• **YOUR TASK**: Give again the entries below exactly, beginning at the first line and ending at the line with "assms] by simp".

• **DATA IN THIS EXERCISE**:
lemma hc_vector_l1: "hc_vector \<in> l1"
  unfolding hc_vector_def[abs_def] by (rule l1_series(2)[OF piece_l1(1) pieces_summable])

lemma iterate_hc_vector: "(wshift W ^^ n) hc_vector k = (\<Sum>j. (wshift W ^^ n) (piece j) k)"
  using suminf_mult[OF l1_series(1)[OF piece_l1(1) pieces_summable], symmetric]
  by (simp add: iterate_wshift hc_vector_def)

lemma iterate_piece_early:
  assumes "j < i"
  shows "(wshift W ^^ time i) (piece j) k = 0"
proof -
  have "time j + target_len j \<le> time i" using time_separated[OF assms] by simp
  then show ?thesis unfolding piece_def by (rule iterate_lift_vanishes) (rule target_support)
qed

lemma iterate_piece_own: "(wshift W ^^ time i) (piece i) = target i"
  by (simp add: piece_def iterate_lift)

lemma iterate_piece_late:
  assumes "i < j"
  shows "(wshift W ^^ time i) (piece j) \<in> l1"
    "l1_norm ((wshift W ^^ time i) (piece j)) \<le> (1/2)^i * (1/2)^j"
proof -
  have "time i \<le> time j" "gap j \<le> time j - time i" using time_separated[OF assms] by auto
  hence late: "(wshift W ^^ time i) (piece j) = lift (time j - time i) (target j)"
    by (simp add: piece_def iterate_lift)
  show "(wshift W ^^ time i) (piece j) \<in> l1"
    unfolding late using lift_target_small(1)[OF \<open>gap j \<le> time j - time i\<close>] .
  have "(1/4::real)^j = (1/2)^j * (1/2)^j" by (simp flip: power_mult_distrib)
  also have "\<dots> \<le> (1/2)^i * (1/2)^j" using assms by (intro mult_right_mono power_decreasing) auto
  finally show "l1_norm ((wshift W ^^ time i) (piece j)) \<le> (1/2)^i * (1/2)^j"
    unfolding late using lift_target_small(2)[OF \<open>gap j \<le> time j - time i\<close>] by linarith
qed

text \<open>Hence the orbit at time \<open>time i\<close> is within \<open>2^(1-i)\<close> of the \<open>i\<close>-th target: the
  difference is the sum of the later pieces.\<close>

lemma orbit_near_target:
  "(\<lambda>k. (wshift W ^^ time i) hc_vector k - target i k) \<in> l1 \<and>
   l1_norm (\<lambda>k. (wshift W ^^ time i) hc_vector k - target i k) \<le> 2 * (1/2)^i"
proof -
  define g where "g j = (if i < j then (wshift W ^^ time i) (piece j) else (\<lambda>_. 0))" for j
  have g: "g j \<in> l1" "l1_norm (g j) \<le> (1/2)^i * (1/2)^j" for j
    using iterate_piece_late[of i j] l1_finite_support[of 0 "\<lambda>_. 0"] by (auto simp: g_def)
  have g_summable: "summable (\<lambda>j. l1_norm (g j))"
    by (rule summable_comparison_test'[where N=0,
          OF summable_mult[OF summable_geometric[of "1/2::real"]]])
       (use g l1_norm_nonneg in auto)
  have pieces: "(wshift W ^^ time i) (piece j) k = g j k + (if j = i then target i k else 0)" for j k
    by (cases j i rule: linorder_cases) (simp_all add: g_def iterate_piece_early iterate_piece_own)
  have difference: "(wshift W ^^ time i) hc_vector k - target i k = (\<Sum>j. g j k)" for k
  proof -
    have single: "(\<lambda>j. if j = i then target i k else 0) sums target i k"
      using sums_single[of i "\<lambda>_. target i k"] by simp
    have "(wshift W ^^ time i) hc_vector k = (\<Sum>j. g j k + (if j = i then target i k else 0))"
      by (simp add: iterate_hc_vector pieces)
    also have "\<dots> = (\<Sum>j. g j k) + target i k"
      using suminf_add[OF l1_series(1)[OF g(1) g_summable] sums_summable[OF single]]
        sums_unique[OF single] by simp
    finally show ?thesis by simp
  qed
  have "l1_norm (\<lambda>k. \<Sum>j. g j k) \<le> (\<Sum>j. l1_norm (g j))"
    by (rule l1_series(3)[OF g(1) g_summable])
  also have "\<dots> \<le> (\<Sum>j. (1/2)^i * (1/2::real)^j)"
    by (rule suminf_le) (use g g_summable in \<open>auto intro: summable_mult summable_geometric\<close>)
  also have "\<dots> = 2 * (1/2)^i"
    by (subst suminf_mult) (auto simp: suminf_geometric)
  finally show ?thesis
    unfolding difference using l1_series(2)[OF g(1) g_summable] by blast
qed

• **OUTPUT BELOW**:
lemma hc_vector_l1: "hc_vector \<in> l1"
  unfolding hc_vector_def[abs_def] by (rule l1_series(2)[OF piece_l1(1) pieces_summable])

lemma iterate_hc_vector: "(wshift W ^^ n) hc_vector k = (\<Sum>j. (wshift W ^^ n) (piece j) k)"
  using suminf_mult[OF l1_series(1)[OF piece_l1(1) pieces_summable], symmetric]
  by (simp add: iterate_wshift hc_vector_def)

lemma iterate_piece_early:
  assumes "j < i"
  shows "(wshift W ^^ time i) (piece j) k = 0"
proof -
  have "time j + target_len j \<le> time i" using time_separated[OF assms] by simp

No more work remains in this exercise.